I understand that reading a file using multiple streams is inefficient for a normal Spindle Drive system.
This is another case, I have high-performance file systems available to me, which provides read speeds of up to 3 GB / s, with 196 processor cores and 2 TB of RAM
A single-threaded Java program reads a file with a maximum of 85-100 MB / s, so I have the potential for improvement than a separate stream. I have to read files up to 1 TB in size and I have enough memory to download it.

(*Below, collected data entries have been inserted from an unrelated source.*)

lemma inner_uvec_vvec_nonneg:
  assumes "0 \<le> t" "t \<le> \<omega>" "\<omega> \<le> pi/2" "0 < w \<bullet> uvec 0" "0 \<le> w \<bullet> vvec \<omega>"
  shows "0 \<le> w \<bullet> uvec t \<and> 0 \<le> w \<bullet> vvec t"
proof -
  have "0 \<le> cos t" "0 \<le> sin t" "0 \<le> sin \<omega>" "0 \<le> sin (\<omega> - t)"
    using assms(1-3) by (auto intro!: cos_ge_zero sin_ge_zero)
  have "\<omega> \<noteq> pi/2"
  proof
    assume "\<omega> = pi/2"
    then have "w \<bullet> vvec \<omega> = - (w \<bullet> uvec 0)"
      by (simp only:) (simp add: inner_uvec inner_vvec)
    with assms(4,5) show False
      by simp
  qed
  then have "0 < cos \<omega>"
    using assms(1-3) by (intro cos_gt_zero_pi) auto
  have "fst w * sin \<omega> \<le> snd w * cos \<omega>"
    using assms(5) by (simp add: inner_vvec)
  moreover have "0 < fst w"
    using assms(4) by (simp add: inner_uvec)
  ultimately have "0 \<le> snd w * cos \<omega>"
    using mult_nonneg_nonneg[of "fst w" "sin \<omega>"] \<open>0 \<le> sin \<omega>\<close> by linarith
  then have "0 \<le> snd w"
    using \<open>0 < cos \<omega>\<close> by (simp add: zero_le_mult_iff)
  then have "0 \<le> w \<bullet> uvec t"
    using assms(4) \<open>0 \<le> cos t\<close> \<open>0 \<le> sin t\<close> by (simp add: inner_uvec)
  have "cos \<omega> * (w \<bullet> vvec t) = (w \<bullet> uvec 0) * sin (\<omega> - t) + cos t * (w \<bullet> vvec \<omega>)"
    by (simp add: inner_uvec inner_vvec sin_diff algebra_simps)
  then have "0 \<le> cos \<omega> * (w \<bullet> vvec t)"
    using assms(4,5) \<open>0 \<le> cos t\<close> \<open>0 \<le> sin (\<omega> - t)\<close> by simp
  then have "0 \<le> w \<bullet> vvec t"
    using \<open>0 < cos \<omega>\<close> by (simp add: zero_le_mult_iff)
  with \<open>0 \<le> w \<bullet> uvec t\<close> show ?thesis ..
qed

lemma inner_uvec_vvec_same_sign:
  assumes "0 \<le> t" "t \<le> \<omega>" "\<omega> \<le> pi/2"
    and "\<not> (0 < w \<bullet> uvec 0 \<and> w \<bullet> vvec \<omega> < 0)" "\<not> (w \<bullet> uvec 0 < 0 \<and> 0 < w \<bullet> vvec \<omega>)"
  shows "(0 \<le> w \<bullet> uvec t \<and> 0 \<le> w \<bullet> vvec t) \<or> (w \<bullet> uvec t \<le> 0 \<and> w \<bullet> vvec t \<le> 0)"
proof (cases "w \<bullet> uvec 0" "0 :: real" rule: linorder_cases)
  case less
  then show ?thesis
    using inner_uvec_vvec_nonneg[OF assms(1-3), of "- w"] assms(5) by simp
next
  case equal
  moreover have "0 \<le> sin t" "0 \<le> cos t"
    using assms(1-3) by (auto intro!: sin_ge_zero cos_ge_zero)
  ultimately show ?thesis
    by (cases "0 \<le> snd w") (auto simp: inner_uvec inner_vvec mult_nonpos_nonneg)
next
  case greater
  then show ?thesis
    using inner_uvec_vvec_nonneg[OF assms(1-3), of w] assms(4) by simp
qed

lemma closed_segment_subset_LS:
  assumes "m \<in> LS S t" "z \<in> LS S t" "0 \<le> (z - m) \<bullet> uvec t" "0 \<le> (z - m) \<bullet> vvec t"
  shows "closed_segment m z \<subseteq> LS S t"
proof -
  define C where "C = {q. q \<bullet> uvec t \<le> supp S t} \<inter> {q. q \<bullet> vvec t \<le> supp S (t + pi/2)} \<inter>
    {q. m \<bullet> uvec t \<le> q \<bullet> uvec t} \<inter> {q. m \<bullet> vvec t \<le> q \<bullet> vvec t}"
  have "convex C"
    unfolding C_def inner_commute[of _ "uvec t"] inner_commute[of _ "vvec t"]
    by (intro convex_Int convex_halfspace_le convex_halfspace_ge)
  moreover have "m \<in> C" "z \<in> C"
    using assms by (auto simp: C_def mem_LS_iff inner_diff_left)
  ultimately have "closed_segment m z \<subseteq> C"
    by (rule closed_segment_subset[rotated 2])
  moreover have "C \<subseteq> LS S t"
    using assms(1) by (auto simp: C_def mem_LS_iff)
  ultimately show ?thesis
    by blast
qed

lemma closed_segment_subset_Msofa:
  assumes "m \<in> Msofa S \<omega>" "z \<in> Msofa S \<omega>" "\<omega> \<le> pi/2"
    and "\<not> (0 < (z - m) \<bullet> uvec 0 \<and> (z - m) \<bullet> vvec \<omega> < 0)"
    and "\<not> ((z - m) \<bullet> uvec 0 < 0 \<and> 0 < (z - m) \<bullet> vvec \<omega>)"
  shows "closed_segment m z \<subseteq> Msofa S \<omega>"
proof -
  have "closed_segment m z \<subseteq> Pset \<omega>"
    using assms(1,2) convex_Pset by (intro closed_segment_subset) (auto simp: Msofa_def)
  moreover have "closed_segment m z \<subseteq> LS S t" if "t \<in> {0..\<omega>}" for t
  proof -
    have "m \<in> LS S t" "z \<in> LS S t"
      using assms(1,2) that by (auto simp: Msofa_def)
    moreover have "(0 \<le> (z - m) \<bullet> uvec t \<and> 0 \<le> (z - m) \<bullet> vvec t) \<or>
        ((m - z) \<bullet> uvec t \<ge> 0 \<and> (m - z) \<bullet> vvec t \<ge> 0)"
      using inner_uvec_vvec_same_sign[of t \<omega> "z - m"] that assms(3-5)
      by (auto simp: inner_diff_left)
    ultimately show ?thesis
      using closed_segment_subset_LS closed_segment_commute by metis
  qed
  ultimately show ?thesis
    unfolding Msofa_def by blast
qed

lemma Msofa_segment_to_sofa:
  assumes "connected S" "compact S" "S \<noteq> {}" "S \<subseteq> Msofa S \<omega>" "0 < \<omega>" "\<omega> \<le> pi/2"
    and "m \<in> Msofa S \<omega>"
  shows "\<exists>z\<in>S. closed_segment m z \<subseteq> Msofa S \<omega>"
proof -
  obtain p where "p \<in> S" "p \<bullet> uvec 0 = supp S 0"
    using assms(2,3) by (rule supp_attained)
  obtain q where "q \<in> S" "q \<bullet> uvec (\<omega> + pi/2) = supp S (\<omega> + pi/2)"
    using assms(2,3) by (rule supp_attained)
  have "m \<in> LS S 0" "m \<in> LS S \<omega>"
    using assms(5,7) by (auto simp: Msofa_def)
  then have "m \<bullet> uvec 0 \<le> p \<bullet> uvec 0" "m \<bullet> vvec \<omega> \<le> q \<bullet> vvec \<omega>"
    using \<open>p \<bullet> uvec 0 = supp S 0\<close> \<open>q \<bullet> uvec (\<omega> + pi/2) = supp S (\<omega> + pi/2)\<close>
    by (auto simp: mem_LS_iff uvec_add_pi_half)
  moreover have "continuous_on S (\<lambda>z. z \<bullet> uvec 0)" "continuous_on S (\<lambda>z. z \<bullet> vvec \<omega>)"
    by (intro continuous_intros)+
  ultimately obtain z where "z \<in> S"
    and "\<not> (m \<bullet> uvec 0 < z \<bullet> uvec 0 \<and> z \<bullet> vvec \<omega> < m \<bullet> vvec \<omega>)"
    and "\<not> (z \<bullet> uvec 0 < m \<bullet> uvec 0 \<and> m \<bullet> vvec \<omega> < z \<bullet> vvec \<omega>)"
    using connected_exists_not_opposite[OF assms(1) _ _ \<open>p \<in> S\<close> _ \<open>q \<in> S\<close>] by blast
  then have "closed_segment m z \<subseteq> Msofa S \<omega>"
    using assms(4,6,7) by (intro closed_segment_subset_Msofa) (auto simp: inner_diff_left)
  with \<open>z \<in> S\<close> show ?thesis ..
qed

lemma connected_if_segments_to_connected_subset:
  fixes M :: "'a::real_normed_vector set"
  assumes "connected S" "S \<subseteq> M" and segments: "\<And>m. m \<in> M \<Longrightarrow> \<exists>z\<in>S. closed_segment m z \<subseteq> M"
  shows "connected M"
proof -
  define B where "B = {closed_segment m z | m z. z \<in> S \<and> closed_segment m z \<subseteq> M}"
  have "connected (S \<union> \<Union>B)"
    by (rule connected_Un_UN) (auto simp: B_def assms(1))
  moreover have "S \<union> \<Union>B = M"
    using assms(2) segments by (fastforce simp: B_def)
  ultimately show ?thesis
    by simp
qed

lemma connected_Msofa:
  assumes "connected S" "compact S" "S \<noteq> {}" "S \<subseteq> Msofa S \<omega>" "0 < \<omega>" "\<omega> \<le> pi/2"
  shows "connected (Msofa S \<omega>)"
  using assms(1,4) by (rule connected_if_segments_to_connected_subset) (rule Msofa_segment_to_sofa[OF assms])

lemma moving_sofa_if_subset_Msofa:
  assumes "connected M" "compact M" "M \<noteq> {}" "M \<subseteq> Msofa S \<omega>"
    and "bounded S" "S \<noteq> {}" "standard_position S \<omega>" "0 \<le> \<omega>"
  shows "moving_sofa M \<omega>"
proof -
  define \<theta> where "\<theta> s = s * \<omega>" for s :: real
  define x where "x s = (1 - supp S (\<theta> s), 1 - supp S (\<theta> s + pi/2))" for s
  have "continuous_on {0..1} \<theta>"
    unfolding \<theta>_def by (intro continuous_intros)
  moreover have "continuous_on {0..1} x"
    unfolding x_def \<theta>_def
    by (intro continuous_intros continuous_on_compose2[OF continuous_on_supp[OF assms(5,6)]]) auto
  moreover have "(\<lambda>p. rot (- \<theta> s) p + x s) ` M \<subseteq> hallway" if "s \<in> {0..1}" for s
  proof -
    have "\<theta> s \<in> {0..\<omega>}"
      using that assms(8) by (auto simp: \<theta>_def mult_left_le_one_le)
    then show ?thesis
      using assms(4) by (auto simp: Msofa_def x_def mem_LS_iff_hallway)
  qed
  moreover have "M \<subseteq> LS S 0" "M \<subseteq> LS S \<omega>" "M \<subseteq> Pset \<omega>"
    using assms(4,8) by (auto simp: Msofa_def)
  then have "(\<lambda>p. rot (- \<theta> 0) p + x 0) ` M \<subseteq> LH" "(\<lambda>p. rot (- \<theta> 1) p + x 1) ` M \<subseteq> LV"
    using assms(7) by (auto simp: \<theta>_def x_def LH_def LV_def mem_LS_iff mem_Pset_iff standard_position_def
        rot_neg inner_uvec)
  ultimately show ?thesis
    using assms(1-3) unfolding moving_sofa_def
    by (intro conjI exI[of _ \<theta>] exI[of _ x]) (auto simp: \<theta>_def)
qed

lemma standard_position_between:
  assumes "bounded M" "S \<noteq> {}" "S \<subseteq> M" "M \<subseteq> Pset \<omega>" "standard_position S \<omega>"
  shows "standard_position M \<omega>"
proof -
  have "supp M t = 1" if "supp S t = 1" "\<And>p. p \<in> M \<Longrightarrow> p \<bullet> uvec t \<le> 1" for t
  proof (rule antisym)
    show "supp M t \<le> 1"
      using that(2) assms(2,3) by (intro supp_least) auto
    show "1 \<le> supp M t"
      using supp_mono[OF assms(1-3)] that(1) by metis
  qed
  moreover have "p \<bullet> uvec \<omega> \<le> 1" "p \<bullet> uvec (pi/2) \<le> 1" if "p \<in> M" for p
    using assms(4) that by (auto simp: mem_Pset_iff inner_uvec)
  ultimately show ?thesis
    using assms(5) by (simp add: standard_position_def)
qed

I am currently using the following or something similar, but you need to write something with multi-threading to get the best throughput:
Java 7 files: 50 MB / s
List<String> lines = Files.readAllLines(Paths.get(path), encoding);
Java commons-io: 48 MB / s
List<String> lines = FileUtils.readLines(new File("/path/to/file.txt"), "utf-8");
The same with guava: 45 MB / s
List<String> lines = Files.readLines(new File("/path/to/file.txt"), Charset.forName("utf-8"));
Java scanner class: very slow
Scanner s = new Scanner(new File("filepath")); ArrayList<String> list = new ArrayList<String>(); while (s.hasNext()){ list.add(s.next()); } s.close();
I want to be able to upload a file and build the same ArrayList, in the correct sorted sequence, as quickly as possible.
There is another question that reads similarly, but actually differs from: The question is to discuss systems in which multi-threaded file I / O is physically impossible to be effective, but due to technical advances, we now have systems that are designed to support high-performance I / O, and therefore the CPU / SW is a limiting factor, which can be overcome by multi-threaded I / O.
Another question does not answer how to write code for multi-threaded input-output.